A Return to Friends: The 2021 International Adam Smith Society Conference

Maria Pia Paganelli for AdamSmithWorks


The conference proved to be a friendly exchange of ideas of which, one would suspect, Smith would have been proud. Indeed, the papers presented covered the breadth of Smith scholarship, just as the presenters covered the geographical breath of the members of the society.
The International Adam Smith Society meeting this year was a hybrid conference, with 28 participants registered online and 35 participants registered in-person, and a few walk-ins. The conference was hosted at the University of Wisconsin-Madison, organized by Michelle Schwarze (Department of Political Science). It counted 21 sessions, including two “authors meet critics,” and Samuel Fleischacker’s keynote plenary session on “Learning from Adam Smith in 2021”.

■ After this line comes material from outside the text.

(* Let $\mathcal{S}$ be a compact surface without boundary, let $(\mathfrak{m},v^\bullet)$ be a pointed bipartite map of $\mathcal{S}$, and let $((\mathfrak{u},\mathfrak{l}),\varepsilon)=\Phi(\mathfrak{m},v^\bullet)$ be obtained by the construction described in the context. Then: (i) $V(\mathfrak{m})=V_\circ(\mathfrak{u})\sqcup\{v^\bullet\}$ and, for every $v\in V_\circ(\mathfrak{u})$, $\mathfrak{l}(v)=d_\mathfrak{m}(v,v^\bullet)$; (ii) the faces of $\mathfrak{m}$ correspond to the vertices of $V_\bullet(\mathfrak{u})$, and the degree of a face of $\mathfrak{m}$ is twice the degree of the corresponding vertex of $V_\bullet(\mathfrak{u})$; (iii) $\mathfrak{m}$ and $\mathfrak{u}$ have the same number of edges.
   Context: Maps are cellular embeddings of finite graphs (loops and multiple edges allowed) into $\mathcal{S}$, up to homeomorphism, rooted at a distinguished oriented corner (a corner is an angular sector between two consecutive half-edges around a vertex inside a face); the root edge is the edge of the root face that follows the root. The root flip of $\mathfrak{m}$ is the map $\bar{\mathfrak{m}}$ rerooted at the unique oriented corner incident to the other extremity of the root edge and defining the same root edge. A map is bipartite if its vertices can be 2-colored so that each edge joins different colors; the degree of a face is its number of corners; $d_\mathfrak{m}$ is the graph distance; a pointed map is a map with a distinguished vertex $v^\bullet$. Construction $\Phi$. Set $\mathfrak{l}(v)=d_\mathfrak{m}(v^\bullet,v)$ for $v\in V(\mathfrak{m})$ (neighbors differ by exactly $1$). If the root vertex has smaller label than the other extremity of the root edge, set $\varepsilon=+$; otherwise replace $\mathfrak{m}$ by $\bar{\mathfrak{m}}$ and set $\varepsilon=-$. Unoriented level loops: take a side of an edge whose endpoints have labels $i-1$ and $i$, in a face; travel along the face boundary along this edge from the vertex labeled $i-1$ to the vertex labeled $i$; turn around this vertex (crossing zero or more edges to vertices labeled $i+1$) until meeting an edge to a vertex labeled $i-1$, and travel along it toward that vertex; keep following the boundary of the face now visited until either the loop closes or a vertex labeled $i+1$ is reached; in the latter case the previously visited vertex has label $i$, and one turns around it until meeting an edge to a vertex labeled $i-1$, and iterates. Such a loop is at level $i$. Repeat until each side of each edge of type $i-1$–$i$ (for all $i$) is visited by a loop at level $i$, and add one loop at level $0$ around $v^\bullet$. Orientation: the loops visiting the root corner are oriented according to the root, given origin at the root corner, and declared the first loops, ordered by increasing level; then one travels along the first loop from its origin, and each time new (not yet oriented) loops are encountered they are declared the next ones (by increasing level), given origin at the current location and oriented by the orientation induced by the loop being traveled; after returning to the origin one moves to the next loop, until all loops are oriented. Selection: a loop at level $i$ selects those corners with label $i$ it visits that are immediately preceded (along the oriented loop) by a corner labeled $i-1$. Add a green vertex inside each face and link, without crossings, every selected corner of the face to this green vertex by a green edge. Then $\mathfrak{u}$ is the embedded graph with vertex set $V_\circ(\mathfrak{u})=V(\mathfrak{m})\setminus\{v^\bullet\}$ together with the set $V_\bullet(\mathfrak{u})$ of green vertices and with edge set the green edges, rooted as follows: the half-edge of the root edge of $\mathfrak{m}$ not incident to the root vertex lies in a corner of $\mathfrak{u}$, which is the root corner of $\mathfrak{u}$, oriented by the orientation induced by the root of $\mathfrak{m}$; the white vertices ($V_\circ(\mathfrak{u})$) keep the labels $\mathfrak{l}$. Finally $\Phi(\mathfrak{m},v^\bullet)=((\mathfrak{u},\mathfrak{l}),\varepsilon)$. *)

theory Defs
  imports Main
begin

The conference proved to be a friendly exchange of ideas of which, one would suspect, Smith would have been proud. Indeed, the papers presented covered the breadth of Smith scholarship, just as the presenters covered the geographical breath of the members of the society. So, Robin Malloy, from The School of Law at Syracuse University (USA) submitted a paper analyzing “A Theory of Adam Smith’s Jurisprudence”; Jose de la Cruz Garrido, from the School of Government of the Universidad del Desarrollo (Chile), used Adam Smith’s insights on the human desire for social recognition to offer a possible explanation for the recent riots in Santiago de Chile (“The Psychology of Social Recognition by Adam Smith”); and Nina Serdarevic from the Center of Applied Research of the Norwegian School of Economics of the University of Bergen (Norway) explained alleged irrational choices in economic experiments with the Smithian framework of praiseworthiness and blameworthiness (“Choosing Less Over More Money: the Love of Praiseworthiness and the Dread of Blameworthiness in One-Player Games”). From the Department of Philosophy and Economics of the Pontifica Universidad Catolica Argentina  (Argentina). Alvaro Perpere showed how Smith’s views on usury fit in the long tradition of the Franciscan Scholastic economic thought in his paper “Can the Franciscan Scholastic Tradition on Economic Thought Help us Understand Smith’s Ideas on Capital and Usury?”.  With her English literature background, AdamSmithWorks’ own Sarah Skwire (Liberty Fund, USA) explained the grammatical meaning of “as if” and how its use affects the sense of a sentence in “As if: clueless about the Invisible Hand”. And even Toshiaki Ota, from the faculty of Humanities and Social Sciences at Kumamoto University (Japan) bravely faced a 14 hour time difference to present his paper on “On the Roles of Judges in Adam Smith’s Jurisprudence.” 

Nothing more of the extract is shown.